> **The problem**
Gather every line from the entries below that includes "unfolding".

Records shown START

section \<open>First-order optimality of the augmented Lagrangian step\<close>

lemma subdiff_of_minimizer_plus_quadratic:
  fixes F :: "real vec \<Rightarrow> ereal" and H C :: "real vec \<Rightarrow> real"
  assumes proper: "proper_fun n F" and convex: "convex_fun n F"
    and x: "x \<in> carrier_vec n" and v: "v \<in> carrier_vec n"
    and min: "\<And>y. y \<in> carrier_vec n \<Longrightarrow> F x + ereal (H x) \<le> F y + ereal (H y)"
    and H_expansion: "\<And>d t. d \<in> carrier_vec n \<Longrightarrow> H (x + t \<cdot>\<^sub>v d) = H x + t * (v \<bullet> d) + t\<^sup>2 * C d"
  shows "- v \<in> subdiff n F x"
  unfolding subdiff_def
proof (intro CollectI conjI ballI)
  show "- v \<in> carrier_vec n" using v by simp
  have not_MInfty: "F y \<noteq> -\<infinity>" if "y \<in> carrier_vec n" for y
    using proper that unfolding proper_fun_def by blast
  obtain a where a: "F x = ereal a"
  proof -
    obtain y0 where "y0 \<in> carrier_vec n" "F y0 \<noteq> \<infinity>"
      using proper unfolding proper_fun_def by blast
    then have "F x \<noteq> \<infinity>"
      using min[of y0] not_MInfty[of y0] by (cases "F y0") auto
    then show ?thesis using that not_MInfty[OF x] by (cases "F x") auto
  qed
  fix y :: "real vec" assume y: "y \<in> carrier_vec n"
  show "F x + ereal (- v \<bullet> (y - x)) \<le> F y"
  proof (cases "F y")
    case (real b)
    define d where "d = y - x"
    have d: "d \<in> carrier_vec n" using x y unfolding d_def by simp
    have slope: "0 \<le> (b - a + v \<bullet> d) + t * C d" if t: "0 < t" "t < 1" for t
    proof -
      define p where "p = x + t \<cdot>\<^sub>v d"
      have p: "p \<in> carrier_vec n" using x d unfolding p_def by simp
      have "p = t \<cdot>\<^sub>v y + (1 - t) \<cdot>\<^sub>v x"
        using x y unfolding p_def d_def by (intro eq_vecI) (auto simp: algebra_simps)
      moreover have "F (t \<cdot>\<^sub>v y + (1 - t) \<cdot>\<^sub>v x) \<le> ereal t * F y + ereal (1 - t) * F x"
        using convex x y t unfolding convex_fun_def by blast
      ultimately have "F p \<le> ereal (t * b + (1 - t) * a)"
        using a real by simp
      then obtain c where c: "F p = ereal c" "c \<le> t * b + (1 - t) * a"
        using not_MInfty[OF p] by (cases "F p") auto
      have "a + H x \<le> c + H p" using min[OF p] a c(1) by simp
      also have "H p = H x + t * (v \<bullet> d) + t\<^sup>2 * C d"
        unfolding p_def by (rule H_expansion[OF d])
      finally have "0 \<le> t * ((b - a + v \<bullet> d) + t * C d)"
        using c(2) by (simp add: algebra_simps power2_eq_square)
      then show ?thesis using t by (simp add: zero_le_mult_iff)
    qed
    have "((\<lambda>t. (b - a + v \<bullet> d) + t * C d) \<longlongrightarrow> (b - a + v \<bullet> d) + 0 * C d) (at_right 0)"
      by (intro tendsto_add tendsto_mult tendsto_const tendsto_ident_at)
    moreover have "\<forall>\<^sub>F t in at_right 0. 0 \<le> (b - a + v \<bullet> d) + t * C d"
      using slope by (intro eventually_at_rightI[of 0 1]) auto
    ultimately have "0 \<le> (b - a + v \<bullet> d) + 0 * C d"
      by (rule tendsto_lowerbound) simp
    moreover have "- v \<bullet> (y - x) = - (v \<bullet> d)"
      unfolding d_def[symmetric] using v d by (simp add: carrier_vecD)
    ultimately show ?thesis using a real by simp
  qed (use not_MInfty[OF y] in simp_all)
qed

Records shown END
Records shown START

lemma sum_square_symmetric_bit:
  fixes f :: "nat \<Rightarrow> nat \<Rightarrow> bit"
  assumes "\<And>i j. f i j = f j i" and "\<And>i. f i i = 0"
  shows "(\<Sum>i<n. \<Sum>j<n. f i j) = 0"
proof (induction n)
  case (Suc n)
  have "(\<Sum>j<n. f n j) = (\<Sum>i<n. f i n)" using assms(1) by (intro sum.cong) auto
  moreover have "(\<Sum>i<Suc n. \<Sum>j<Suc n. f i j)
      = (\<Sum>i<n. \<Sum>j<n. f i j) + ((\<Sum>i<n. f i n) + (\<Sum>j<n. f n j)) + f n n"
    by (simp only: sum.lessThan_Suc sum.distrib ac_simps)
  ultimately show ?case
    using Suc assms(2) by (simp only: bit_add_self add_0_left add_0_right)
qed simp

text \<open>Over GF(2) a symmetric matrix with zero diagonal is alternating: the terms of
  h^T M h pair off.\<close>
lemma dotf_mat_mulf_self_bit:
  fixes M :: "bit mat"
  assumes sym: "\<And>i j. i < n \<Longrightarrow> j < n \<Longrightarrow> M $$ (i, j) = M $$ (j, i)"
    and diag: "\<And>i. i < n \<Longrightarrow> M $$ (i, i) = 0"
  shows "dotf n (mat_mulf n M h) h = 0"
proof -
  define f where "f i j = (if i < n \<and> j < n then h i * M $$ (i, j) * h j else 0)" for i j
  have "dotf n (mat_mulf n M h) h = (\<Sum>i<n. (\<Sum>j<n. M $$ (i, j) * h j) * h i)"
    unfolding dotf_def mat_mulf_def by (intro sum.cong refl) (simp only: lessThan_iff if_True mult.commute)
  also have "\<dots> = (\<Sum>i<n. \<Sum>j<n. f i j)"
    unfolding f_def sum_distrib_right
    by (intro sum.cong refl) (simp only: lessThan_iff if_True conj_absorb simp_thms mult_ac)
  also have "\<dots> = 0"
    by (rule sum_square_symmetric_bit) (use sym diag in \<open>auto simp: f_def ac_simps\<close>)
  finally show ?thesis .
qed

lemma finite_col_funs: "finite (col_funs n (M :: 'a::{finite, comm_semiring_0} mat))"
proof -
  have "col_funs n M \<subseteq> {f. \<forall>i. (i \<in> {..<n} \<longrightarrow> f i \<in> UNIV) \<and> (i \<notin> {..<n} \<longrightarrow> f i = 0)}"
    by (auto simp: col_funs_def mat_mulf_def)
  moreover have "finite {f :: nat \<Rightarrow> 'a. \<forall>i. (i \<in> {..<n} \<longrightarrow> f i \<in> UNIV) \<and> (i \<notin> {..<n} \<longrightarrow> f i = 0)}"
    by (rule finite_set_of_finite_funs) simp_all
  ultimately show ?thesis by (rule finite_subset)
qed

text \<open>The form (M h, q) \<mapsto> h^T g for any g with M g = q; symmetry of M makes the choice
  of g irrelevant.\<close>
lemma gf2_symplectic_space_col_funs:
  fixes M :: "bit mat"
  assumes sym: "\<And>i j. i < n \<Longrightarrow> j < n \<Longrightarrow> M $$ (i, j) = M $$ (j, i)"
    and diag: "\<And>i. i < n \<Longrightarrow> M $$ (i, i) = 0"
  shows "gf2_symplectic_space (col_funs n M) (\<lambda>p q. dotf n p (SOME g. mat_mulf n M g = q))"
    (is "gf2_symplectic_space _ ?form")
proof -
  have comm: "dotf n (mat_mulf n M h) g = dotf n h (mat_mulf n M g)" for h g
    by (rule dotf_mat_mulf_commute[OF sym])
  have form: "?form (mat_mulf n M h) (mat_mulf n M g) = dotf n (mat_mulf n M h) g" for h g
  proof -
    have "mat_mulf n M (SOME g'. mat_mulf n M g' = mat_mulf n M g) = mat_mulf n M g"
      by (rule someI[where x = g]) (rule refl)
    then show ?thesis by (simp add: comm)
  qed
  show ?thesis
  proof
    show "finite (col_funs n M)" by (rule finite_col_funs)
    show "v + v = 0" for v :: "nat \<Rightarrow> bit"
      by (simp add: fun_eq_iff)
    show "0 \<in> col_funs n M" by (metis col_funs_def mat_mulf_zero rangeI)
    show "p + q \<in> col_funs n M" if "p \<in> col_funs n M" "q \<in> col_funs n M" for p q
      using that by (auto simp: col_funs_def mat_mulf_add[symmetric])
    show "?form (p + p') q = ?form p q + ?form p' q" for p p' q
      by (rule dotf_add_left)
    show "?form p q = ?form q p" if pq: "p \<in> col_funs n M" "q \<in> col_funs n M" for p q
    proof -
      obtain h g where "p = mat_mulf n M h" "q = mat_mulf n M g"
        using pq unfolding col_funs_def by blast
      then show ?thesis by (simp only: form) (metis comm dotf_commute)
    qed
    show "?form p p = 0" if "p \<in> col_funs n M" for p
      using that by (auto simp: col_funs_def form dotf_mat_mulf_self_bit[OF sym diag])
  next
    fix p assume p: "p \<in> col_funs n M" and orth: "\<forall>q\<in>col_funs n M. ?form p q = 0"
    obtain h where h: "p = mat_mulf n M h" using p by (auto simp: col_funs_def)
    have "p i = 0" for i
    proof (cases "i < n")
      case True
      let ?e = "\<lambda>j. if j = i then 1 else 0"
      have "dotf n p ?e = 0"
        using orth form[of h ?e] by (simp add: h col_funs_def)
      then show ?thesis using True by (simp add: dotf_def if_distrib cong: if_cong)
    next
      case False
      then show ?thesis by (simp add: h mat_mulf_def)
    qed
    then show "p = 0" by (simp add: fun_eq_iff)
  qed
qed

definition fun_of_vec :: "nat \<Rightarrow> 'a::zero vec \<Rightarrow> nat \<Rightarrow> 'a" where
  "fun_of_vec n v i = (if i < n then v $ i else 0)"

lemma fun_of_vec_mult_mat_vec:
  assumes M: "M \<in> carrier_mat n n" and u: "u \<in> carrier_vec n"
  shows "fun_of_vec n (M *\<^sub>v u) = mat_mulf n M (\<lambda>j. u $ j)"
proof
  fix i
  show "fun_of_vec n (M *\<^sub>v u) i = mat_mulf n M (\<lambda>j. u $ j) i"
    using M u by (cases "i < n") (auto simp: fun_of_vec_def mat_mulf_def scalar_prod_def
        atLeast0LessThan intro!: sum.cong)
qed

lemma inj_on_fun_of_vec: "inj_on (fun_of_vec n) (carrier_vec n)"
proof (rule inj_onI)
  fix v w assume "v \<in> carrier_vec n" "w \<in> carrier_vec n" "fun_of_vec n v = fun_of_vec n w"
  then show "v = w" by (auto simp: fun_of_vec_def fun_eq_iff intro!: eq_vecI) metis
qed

Records shown END

> **Task answer**
  unfolding subdiff_def
    using proper that unfolding proper_fun_def by blast
      using proper unfolding proper_fun_def by blast
    have d: "d \<in> carrier_vec n" using x y unfolding d_def by simp
      have p: "p \<in> carrier_vec n" using x d unfolding p_def by simp
        using x y unfolding p_def d_def by (intro eq_vecI) (auto simp: algebra_simps)
        using convex x y t unfolding convex_fun_def by blast
        unfolding p_def by (rule H_expansion[OF d])
      unfolding d_def[symmetric] using v d by (simp add: carrier_vecD)
    unfolding dotf_def mat_mulf_def by (intro sum.cong refl) (simp only: lessThan_iff if_True mult.commute)
    unfolding f_def sum_distrib_right
        using pq unfolding col_funs_def by blast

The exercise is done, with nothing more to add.